**WHAT TO DO**
From the records below, transcribe exactly the lines that begin at the line with "g> = integral" and end at the line with "(x - y))\<^sup>2", both included.

**SUPPLIED DATA**
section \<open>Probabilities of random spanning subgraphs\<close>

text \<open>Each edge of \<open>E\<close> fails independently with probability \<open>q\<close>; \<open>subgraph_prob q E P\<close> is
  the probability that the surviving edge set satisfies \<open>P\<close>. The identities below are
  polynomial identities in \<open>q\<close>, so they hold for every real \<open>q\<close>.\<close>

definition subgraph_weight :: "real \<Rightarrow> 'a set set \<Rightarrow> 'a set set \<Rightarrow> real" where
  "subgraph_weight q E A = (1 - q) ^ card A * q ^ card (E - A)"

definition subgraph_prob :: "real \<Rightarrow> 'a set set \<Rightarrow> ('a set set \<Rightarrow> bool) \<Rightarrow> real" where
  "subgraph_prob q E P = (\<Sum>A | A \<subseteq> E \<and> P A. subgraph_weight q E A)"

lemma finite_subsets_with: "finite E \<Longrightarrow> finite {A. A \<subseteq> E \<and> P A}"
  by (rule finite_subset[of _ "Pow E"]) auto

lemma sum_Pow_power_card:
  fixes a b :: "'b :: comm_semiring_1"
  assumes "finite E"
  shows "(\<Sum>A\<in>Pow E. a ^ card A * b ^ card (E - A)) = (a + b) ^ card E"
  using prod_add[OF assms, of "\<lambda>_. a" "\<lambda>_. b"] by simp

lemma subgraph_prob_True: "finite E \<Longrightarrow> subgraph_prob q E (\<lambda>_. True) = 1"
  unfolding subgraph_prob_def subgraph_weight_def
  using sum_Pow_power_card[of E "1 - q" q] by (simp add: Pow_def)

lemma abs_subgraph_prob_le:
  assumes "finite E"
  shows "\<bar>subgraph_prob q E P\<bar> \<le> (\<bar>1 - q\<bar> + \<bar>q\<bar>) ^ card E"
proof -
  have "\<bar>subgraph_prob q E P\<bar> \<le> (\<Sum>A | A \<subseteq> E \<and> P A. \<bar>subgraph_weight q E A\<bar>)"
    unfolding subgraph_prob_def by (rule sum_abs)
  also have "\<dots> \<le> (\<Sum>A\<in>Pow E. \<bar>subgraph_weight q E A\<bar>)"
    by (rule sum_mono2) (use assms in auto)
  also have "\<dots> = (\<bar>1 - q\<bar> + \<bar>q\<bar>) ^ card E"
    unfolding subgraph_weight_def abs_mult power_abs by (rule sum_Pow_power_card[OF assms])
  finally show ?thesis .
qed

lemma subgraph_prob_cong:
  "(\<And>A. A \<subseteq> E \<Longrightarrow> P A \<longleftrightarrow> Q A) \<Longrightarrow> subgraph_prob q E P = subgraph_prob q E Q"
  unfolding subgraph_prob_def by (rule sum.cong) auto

...

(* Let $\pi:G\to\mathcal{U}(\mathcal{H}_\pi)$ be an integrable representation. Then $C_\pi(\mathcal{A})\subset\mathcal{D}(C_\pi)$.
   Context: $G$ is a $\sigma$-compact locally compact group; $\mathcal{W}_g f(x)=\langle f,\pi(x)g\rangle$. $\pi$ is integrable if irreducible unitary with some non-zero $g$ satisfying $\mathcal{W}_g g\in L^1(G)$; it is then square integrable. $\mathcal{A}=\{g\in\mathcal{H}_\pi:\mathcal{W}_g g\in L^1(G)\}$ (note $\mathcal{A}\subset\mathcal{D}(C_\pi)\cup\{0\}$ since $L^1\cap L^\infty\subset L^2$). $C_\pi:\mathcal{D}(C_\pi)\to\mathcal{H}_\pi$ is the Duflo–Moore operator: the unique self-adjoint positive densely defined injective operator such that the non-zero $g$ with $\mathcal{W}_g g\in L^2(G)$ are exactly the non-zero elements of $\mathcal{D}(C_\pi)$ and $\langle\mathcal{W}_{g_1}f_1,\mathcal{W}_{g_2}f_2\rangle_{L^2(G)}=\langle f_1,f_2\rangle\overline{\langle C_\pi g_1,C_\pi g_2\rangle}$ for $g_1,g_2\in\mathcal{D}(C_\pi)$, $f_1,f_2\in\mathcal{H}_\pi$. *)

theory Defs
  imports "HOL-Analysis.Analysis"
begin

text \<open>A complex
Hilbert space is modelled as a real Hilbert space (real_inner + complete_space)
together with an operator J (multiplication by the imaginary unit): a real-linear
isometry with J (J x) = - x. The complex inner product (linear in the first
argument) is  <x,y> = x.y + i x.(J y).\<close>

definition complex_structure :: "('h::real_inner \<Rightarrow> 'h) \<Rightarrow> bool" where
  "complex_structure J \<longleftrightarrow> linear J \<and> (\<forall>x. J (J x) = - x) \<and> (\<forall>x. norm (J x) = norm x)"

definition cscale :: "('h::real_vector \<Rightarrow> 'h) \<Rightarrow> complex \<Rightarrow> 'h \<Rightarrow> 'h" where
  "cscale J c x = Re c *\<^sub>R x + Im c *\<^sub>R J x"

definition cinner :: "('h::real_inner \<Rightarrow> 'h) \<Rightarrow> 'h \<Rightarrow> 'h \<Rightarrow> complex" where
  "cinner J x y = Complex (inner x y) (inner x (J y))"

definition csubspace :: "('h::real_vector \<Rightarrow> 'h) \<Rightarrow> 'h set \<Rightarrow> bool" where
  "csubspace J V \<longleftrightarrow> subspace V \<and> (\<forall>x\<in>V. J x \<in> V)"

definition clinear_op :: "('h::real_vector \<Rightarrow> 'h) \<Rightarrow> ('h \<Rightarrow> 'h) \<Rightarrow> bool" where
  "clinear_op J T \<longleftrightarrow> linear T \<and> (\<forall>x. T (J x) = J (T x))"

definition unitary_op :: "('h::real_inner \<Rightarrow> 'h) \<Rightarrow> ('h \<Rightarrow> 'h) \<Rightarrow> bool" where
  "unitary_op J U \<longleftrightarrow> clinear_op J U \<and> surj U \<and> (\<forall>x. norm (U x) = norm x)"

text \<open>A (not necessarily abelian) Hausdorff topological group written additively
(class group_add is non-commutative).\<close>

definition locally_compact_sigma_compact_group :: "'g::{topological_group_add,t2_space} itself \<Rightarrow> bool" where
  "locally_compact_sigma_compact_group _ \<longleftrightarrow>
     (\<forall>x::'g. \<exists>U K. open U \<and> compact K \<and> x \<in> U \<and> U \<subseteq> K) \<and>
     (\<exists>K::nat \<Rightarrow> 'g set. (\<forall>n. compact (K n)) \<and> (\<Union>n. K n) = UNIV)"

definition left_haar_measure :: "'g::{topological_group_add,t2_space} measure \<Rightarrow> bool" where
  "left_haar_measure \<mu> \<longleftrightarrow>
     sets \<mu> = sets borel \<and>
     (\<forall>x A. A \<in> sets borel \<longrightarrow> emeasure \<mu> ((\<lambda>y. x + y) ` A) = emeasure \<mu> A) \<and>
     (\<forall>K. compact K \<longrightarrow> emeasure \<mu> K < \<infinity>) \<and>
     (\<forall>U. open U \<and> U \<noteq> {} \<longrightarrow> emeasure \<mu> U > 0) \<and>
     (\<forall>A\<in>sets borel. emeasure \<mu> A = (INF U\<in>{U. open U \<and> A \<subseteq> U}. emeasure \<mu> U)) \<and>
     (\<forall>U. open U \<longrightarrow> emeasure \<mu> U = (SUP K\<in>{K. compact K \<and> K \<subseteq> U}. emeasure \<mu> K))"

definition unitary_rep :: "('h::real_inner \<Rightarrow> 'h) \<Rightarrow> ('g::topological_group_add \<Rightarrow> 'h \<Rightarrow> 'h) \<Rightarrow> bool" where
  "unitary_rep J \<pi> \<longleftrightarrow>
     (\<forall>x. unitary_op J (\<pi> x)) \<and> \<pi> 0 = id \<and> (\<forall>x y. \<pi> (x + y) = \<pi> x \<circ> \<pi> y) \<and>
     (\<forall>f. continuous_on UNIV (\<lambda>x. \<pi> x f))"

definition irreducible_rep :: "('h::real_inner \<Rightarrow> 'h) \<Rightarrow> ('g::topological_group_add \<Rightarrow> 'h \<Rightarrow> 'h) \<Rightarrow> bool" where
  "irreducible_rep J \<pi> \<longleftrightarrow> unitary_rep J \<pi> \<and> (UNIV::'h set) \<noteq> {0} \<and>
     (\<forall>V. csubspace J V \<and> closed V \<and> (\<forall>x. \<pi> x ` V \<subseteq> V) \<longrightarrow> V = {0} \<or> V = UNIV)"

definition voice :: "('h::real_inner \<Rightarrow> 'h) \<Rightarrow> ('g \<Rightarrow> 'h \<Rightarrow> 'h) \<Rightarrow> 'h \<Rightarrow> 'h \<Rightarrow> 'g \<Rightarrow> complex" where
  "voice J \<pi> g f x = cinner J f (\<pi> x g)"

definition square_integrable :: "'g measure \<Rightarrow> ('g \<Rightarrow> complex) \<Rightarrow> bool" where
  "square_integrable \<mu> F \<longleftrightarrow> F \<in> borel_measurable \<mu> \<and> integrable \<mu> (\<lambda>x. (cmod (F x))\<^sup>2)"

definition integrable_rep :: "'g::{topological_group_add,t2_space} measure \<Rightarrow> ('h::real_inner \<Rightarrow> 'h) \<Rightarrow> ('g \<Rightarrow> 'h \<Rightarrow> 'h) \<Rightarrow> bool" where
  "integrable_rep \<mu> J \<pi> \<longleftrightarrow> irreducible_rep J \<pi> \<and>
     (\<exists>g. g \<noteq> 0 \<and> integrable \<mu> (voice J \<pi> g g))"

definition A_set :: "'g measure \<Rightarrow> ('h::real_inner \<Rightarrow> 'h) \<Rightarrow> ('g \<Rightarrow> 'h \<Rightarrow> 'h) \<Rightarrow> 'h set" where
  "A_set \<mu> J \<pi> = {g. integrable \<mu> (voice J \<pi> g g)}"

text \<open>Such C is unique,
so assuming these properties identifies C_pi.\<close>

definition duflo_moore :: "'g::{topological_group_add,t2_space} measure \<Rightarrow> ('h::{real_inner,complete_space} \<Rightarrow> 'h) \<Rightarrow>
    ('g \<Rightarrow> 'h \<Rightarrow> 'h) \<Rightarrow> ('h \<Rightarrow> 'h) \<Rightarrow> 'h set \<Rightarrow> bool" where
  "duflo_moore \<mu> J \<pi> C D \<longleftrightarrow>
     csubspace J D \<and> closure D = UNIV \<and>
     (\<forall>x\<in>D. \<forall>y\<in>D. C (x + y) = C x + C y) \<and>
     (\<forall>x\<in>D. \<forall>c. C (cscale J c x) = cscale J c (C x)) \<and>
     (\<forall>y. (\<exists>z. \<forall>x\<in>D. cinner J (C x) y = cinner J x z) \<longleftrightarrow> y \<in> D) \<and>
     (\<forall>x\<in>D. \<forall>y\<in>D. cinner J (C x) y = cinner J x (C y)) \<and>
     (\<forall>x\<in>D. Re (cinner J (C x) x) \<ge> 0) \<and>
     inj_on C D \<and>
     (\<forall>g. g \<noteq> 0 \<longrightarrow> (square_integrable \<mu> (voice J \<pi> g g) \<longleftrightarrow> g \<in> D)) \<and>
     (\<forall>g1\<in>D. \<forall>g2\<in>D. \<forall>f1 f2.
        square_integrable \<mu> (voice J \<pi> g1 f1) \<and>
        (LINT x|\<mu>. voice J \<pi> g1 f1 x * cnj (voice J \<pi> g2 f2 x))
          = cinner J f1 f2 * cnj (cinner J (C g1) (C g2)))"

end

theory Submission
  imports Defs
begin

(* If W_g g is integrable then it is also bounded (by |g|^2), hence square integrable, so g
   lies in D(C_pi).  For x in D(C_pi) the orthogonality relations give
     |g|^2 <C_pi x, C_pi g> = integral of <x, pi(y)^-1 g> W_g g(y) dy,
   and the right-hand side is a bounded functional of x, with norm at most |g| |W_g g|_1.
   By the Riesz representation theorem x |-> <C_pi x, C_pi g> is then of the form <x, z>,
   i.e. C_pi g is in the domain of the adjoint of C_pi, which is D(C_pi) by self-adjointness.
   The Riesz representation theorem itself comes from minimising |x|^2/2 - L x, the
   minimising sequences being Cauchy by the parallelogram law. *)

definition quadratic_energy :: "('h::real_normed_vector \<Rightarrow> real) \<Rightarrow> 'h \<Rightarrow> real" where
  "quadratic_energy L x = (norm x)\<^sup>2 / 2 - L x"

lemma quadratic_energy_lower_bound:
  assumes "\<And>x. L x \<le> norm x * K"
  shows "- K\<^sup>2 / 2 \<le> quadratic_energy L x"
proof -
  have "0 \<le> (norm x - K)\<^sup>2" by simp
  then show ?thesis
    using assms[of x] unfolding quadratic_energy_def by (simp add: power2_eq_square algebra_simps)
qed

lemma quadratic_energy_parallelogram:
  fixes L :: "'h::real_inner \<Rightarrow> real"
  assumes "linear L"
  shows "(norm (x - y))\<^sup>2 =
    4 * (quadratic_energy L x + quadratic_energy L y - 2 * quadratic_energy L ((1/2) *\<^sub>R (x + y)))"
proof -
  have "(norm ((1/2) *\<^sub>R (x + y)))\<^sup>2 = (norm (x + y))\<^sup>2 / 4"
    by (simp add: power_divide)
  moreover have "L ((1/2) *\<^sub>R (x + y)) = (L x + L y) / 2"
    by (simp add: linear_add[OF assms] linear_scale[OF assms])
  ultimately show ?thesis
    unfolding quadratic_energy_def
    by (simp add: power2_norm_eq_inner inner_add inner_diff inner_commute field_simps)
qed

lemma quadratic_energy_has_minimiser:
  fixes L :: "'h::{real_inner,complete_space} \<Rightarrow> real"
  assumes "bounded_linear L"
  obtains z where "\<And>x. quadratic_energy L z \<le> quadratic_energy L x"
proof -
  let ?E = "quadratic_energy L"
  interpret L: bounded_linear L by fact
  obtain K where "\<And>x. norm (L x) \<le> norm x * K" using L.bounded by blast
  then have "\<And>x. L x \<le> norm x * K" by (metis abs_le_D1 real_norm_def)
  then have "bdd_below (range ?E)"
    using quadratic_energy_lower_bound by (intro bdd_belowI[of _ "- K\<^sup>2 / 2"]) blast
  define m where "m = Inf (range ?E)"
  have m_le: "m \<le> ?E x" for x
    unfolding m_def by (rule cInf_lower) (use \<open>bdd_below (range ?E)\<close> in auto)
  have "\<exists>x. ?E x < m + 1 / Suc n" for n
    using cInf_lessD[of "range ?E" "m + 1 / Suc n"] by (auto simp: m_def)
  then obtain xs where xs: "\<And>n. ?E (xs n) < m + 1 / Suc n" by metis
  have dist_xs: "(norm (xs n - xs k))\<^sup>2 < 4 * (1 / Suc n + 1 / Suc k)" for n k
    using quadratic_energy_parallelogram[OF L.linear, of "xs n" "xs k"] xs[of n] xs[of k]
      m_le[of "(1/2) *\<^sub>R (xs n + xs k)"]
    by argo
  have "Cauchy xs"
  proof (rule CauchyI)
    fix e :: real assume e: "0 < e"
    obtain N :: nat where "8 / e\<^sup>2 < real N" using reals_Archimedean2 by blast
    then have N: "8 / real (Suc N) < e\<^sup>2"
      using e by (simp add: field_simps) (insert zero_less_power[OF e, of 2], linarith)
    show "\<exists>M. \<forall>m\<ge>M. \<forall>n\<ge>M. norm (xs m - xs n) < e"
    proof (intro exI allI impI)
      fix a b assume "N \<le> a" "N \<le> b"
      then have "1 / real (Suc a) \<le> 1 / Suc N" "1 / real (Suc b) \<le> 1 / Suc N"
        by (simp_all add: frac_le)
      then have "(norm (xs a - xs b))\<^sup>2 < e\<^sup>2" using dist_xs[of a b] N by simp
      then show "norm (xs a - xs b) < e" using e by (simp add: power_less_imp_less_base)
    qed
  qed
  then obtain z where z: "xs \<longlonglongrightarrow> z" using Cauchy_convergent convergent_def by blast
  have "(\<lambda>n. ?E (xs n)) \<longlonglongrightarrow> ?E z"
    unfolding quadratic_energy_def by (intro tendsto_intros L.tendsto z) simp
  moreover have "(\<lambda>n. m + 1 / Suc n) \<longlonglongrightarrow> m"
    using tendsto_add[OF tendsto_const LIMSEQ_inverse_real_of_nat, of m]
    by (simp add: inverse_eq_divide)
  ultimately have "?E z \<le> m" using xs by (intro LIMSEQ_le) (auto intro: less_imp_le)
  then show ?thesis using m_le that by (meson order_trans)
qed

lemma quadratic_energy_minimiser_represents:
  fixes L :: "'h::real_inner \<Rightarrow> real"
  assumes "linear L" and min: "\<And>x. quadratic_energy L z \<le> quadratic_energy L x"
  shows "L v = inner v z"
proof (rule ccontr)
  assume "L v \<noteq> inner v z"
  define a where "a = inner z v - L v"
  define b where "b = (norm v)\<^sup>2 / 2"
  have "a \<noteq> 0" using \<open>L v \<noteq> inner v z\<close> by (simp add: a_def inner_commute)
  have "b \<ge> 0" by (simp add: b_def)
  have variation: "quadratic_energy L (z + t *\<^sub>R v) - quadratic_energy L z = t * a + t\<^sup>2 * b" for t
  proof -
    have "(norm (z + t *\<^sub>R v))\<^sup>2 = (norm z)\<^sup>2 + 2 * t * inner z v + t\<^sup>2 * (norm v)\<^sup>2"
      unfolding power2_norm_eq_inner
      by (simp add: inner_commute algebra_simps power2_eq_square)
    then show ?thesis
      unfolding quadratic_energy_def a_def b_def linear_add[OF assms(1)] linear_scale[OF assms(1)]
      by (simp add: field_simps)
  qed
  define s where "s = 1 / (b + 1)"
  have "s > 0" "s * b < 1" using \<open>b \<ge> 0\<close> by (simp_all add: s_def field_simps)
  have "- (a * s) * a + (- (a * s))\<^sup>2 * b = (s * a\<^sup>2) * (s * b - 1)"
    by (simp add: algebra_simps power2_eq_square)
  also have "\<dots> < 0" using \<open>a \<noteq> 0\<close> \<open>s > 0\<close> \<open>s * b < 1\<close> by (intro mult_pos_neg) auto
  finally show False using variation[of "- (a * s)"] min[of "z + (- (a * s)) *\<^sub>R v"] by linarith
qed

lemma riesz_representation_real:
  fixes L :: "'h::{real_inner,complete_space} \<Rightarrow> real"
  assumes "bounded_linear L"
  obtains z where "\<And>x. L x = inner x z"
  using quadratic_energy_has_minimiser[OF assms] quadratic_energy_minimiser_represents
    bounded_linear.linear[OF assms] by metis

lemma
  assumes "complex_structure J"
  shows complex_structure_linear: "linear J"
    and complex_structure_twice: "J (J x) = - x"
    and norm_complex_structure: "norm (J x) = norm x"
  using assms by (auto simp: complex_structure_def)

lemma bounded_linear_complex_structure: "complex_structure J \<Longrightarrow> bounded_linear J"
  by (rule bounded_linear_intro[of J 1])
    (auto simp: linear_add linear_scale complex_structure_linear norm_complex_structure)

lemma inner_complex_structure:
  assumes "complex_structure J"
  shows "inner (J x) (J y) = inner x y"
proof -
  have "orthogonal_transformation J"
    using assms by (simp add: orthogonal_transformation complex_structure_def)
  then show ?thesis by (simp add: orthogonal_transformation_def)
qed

==

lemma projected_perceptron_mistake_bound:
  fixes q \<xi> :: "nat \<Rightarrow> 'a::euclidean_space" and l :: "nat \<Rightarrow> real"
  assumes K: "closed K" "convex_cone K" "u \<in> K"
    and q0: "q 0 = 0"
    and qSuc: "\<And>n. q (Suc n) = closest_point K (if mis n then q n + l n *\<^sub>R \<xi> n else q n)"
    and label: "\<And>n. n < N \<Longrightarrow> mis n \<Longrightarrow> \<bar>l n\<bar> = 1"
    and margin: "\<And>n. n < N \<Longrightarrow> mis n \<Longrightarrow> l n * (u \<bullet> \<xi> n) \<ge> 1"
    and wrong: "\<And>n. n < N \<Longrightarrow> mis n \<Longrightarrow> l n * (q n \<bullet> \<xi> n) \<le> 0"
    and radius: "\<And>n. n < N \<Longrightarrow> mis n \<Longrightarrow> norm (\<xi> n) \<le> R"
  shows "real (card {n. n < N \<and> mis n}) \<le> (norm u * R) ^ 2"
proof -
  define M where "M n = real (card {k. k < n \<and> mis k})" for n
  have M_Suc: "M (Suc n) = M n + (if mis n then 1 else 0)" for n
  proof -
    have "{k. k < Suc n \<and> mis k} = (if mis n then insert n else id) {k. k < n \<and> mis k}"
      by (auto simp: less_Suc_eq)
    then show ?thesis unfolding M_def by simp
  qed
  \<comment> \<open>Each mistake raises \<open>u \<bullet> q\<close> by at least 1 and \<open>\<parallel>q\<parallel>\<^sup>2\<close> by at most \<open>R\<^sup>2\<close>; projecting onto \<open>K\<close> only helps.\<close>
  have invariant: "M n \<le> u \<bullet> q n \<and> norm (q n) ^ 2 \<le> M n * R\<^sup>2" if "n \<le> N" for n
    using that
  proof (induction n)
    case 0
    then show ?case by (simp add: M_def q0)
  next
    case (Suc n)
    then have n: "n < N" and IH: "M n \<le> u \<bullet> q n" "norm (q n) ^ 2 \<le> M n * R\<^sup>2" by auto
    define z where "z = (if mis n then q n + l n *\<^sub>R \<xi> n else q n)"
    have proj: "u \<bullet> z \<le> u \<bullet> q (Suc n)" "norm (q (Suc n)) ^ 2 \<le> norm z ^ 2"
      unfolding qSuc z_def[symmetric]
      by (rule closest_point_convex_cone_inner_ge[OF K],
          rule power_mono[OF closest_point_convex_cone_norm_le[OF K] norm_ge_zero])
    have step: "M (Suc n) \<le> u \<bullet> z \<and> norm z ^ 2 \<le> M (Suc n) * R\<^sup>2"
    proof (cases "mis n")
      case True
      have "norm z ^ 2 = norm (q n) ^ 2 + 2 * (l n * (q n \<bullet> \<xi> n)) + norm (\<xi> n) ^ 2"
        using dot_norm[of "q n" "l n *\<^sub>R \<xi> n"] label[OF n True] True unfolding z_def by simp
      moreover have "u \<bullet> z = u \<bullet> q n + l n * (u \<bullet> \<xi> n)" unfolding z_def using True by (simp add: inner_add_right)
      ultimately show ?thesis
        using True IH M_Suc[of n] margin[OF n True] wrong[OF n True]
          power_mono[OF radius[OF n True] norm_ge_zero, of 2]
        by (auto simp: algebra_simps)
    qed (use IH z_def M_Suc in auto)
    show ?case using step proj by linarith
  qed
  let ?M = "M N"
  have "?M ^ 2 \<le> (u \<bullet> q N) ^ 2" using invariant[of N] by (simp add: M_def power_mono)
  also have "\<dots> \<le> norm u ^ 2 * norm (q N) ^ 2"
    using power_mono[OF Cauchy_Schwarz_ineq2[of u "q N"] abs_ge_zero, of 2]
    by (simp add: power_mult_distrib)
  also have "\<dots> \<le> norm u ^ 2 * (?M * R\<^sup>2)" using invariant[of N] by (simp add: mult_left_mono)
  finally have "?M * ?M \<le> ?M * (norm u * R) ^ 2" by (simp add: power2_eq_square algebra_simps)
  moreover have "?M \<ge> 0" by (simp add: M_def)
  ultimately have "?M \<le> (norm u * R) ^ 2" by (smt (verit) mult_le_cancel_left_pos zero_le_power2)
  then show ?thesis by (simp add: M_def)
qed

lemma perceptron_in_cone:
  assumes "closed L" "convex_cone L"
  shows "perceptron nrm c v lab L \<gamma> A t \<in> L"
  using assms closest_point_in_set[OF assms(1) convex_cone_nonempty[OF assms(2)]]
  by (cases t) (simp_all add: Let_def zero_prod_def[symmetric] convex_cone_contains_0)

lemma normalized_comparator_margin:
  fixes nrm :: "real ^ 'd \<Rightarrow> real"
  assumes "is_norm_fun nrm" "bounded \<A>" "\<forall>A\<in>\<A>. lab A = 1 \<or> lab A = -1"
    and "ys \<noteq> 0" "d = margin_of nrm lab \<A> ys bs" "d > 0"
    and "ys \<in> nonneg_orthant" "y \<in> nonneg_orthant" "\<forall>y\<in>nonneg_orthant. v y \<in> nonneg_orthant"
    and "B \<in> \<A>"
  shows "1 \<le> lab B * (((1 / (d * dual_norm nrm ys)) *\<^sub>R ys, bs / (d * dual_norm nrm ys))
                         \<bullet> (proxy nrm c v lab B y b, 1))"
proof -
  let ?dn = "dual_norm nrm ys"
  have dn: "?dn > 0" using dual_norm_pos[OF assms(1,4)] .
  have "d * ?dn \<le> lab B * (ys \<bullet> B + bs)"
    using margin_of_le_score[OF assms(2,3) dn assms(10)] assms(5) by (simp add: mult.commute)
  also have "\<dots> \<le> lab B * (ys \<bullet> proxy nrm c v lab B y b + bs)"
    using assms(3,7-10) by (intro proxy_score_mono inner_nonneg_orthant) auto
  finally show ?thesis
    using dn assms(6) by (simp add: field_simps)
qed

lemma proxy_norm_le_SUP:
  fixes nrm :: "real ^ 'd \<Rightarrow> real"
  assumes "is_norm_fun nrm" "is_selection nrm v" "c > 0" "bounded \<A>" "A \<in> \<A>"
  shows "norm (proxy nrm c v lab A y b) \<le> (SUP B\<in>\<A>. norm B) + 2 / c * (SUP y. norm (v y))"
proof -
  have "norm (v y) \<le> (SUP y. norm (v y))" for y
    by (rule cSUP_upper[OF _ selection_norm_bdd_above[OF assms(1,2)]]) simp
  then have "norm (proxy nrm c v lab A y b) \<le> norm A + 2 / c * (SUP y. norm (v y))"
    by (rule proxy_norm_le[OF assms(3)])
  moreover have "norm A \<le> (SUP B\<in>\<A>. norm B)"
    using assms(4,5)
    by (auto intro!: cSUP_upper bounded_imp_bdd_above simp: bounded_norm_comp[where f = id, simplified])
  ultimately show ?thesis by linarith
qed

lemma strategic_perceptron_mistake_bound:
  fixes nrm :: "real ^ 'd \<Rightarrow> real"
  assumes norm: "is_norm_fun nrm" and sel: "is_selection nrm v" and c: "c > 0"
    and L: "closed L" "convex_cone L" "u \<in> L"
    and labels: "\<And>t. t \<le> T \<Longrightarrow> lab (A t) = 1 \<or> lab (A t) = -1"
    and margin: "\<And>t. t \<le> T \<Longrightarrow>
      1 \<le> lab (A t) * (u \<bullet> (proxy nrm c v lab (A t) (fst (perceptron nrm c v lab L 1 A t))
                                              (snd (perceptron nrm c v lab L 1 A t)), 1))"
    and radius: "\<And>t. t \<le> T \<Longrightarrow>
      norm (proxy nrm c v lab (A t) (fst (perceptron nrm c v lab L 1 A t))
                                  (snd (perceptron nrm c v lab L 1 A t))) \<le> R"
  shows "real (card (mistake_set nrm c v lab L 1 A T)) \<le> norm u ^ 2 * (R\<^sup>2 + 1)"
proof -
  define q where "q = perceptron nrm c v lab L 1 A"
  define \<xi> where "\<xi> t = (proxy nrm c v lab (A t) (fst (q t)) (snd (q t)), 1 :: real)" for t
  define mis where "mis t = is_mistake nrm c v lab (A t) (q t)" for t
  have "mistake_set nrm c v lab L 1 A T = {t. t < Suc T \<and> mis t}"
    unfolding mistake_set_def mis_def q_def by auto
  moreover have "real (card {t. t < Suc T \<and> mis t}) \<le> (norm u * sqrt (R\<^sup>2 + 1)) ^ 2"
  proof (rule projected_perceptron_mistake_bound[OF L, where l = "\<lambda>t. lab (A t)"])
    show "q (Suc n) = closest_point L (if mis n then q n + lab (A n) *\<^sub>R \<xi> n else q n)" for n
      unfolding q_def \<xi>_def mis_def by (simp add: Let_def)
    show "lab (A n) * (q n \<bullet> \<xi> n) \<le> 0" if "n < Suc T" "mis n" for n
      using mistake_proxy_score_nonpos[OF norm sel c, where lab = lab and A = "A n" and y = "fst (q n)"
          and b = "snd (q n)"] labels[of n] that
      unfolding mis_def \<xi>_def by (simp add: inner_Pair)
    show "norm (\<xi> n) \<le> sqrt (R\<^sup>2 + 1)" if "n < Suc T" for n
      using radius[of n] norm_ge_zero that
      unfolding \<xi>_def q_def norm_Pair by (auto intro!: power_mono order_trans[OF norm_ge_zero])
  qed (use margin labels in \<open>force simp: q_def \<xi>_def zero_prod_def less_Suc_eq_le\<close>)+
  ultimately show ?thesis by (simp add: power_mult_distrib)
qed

**EXERCISE RESPONSE**
     |g|^2 <C_pi x, C_pi g> = integral of <x, pi(y)^-1 g> W_g g(y) dy,
   and the right-hand side is a bounded functional of x, with norm at most |g| |W_g g|_1.
   By the Riesz representation theorem x |-> <C_pi x, C_pi g> is then of the form <x, z>,
   i.e. C_pi g is in the domain of the adjoint of C_pi, which is D(C_pi) by self-adjointness.
   The Riesz representation theorem itself comes from minimising |x|^2/2 - L x, the
   minimising sequences being Cauchy by the parallelogram law. *)

definition quadratic_energy :: "('h::real_normed_vector \<Rightarrow> real) \<Rightarrow> 'h \<Rightarrow> real" where
  "quadratic_energy L x = (norm x)\<^sup>2 / 2 - L x"

lemma quadratic_energy_lower_bound:
  assumes "\<And>x. L x \<le> norm x * K"
  shows "- K\<^sup>2 / 2 \<le> quadratic_energy L x"
proof -
  have "0 \<le> (norm x - K)\<^sup>2" by simp
  then show ?thesis
    using assms[of x] unfolding quadratic_energy_def by (simp add: power2_eq_square algebra_simps)
qed

lemma quadratic_energy_parallelogram:
  fixes L :: "'h::real_inner \<Rightarrow> real"
  assumes "linear L"
  shows "(norm (x - y))\<^sup>2 =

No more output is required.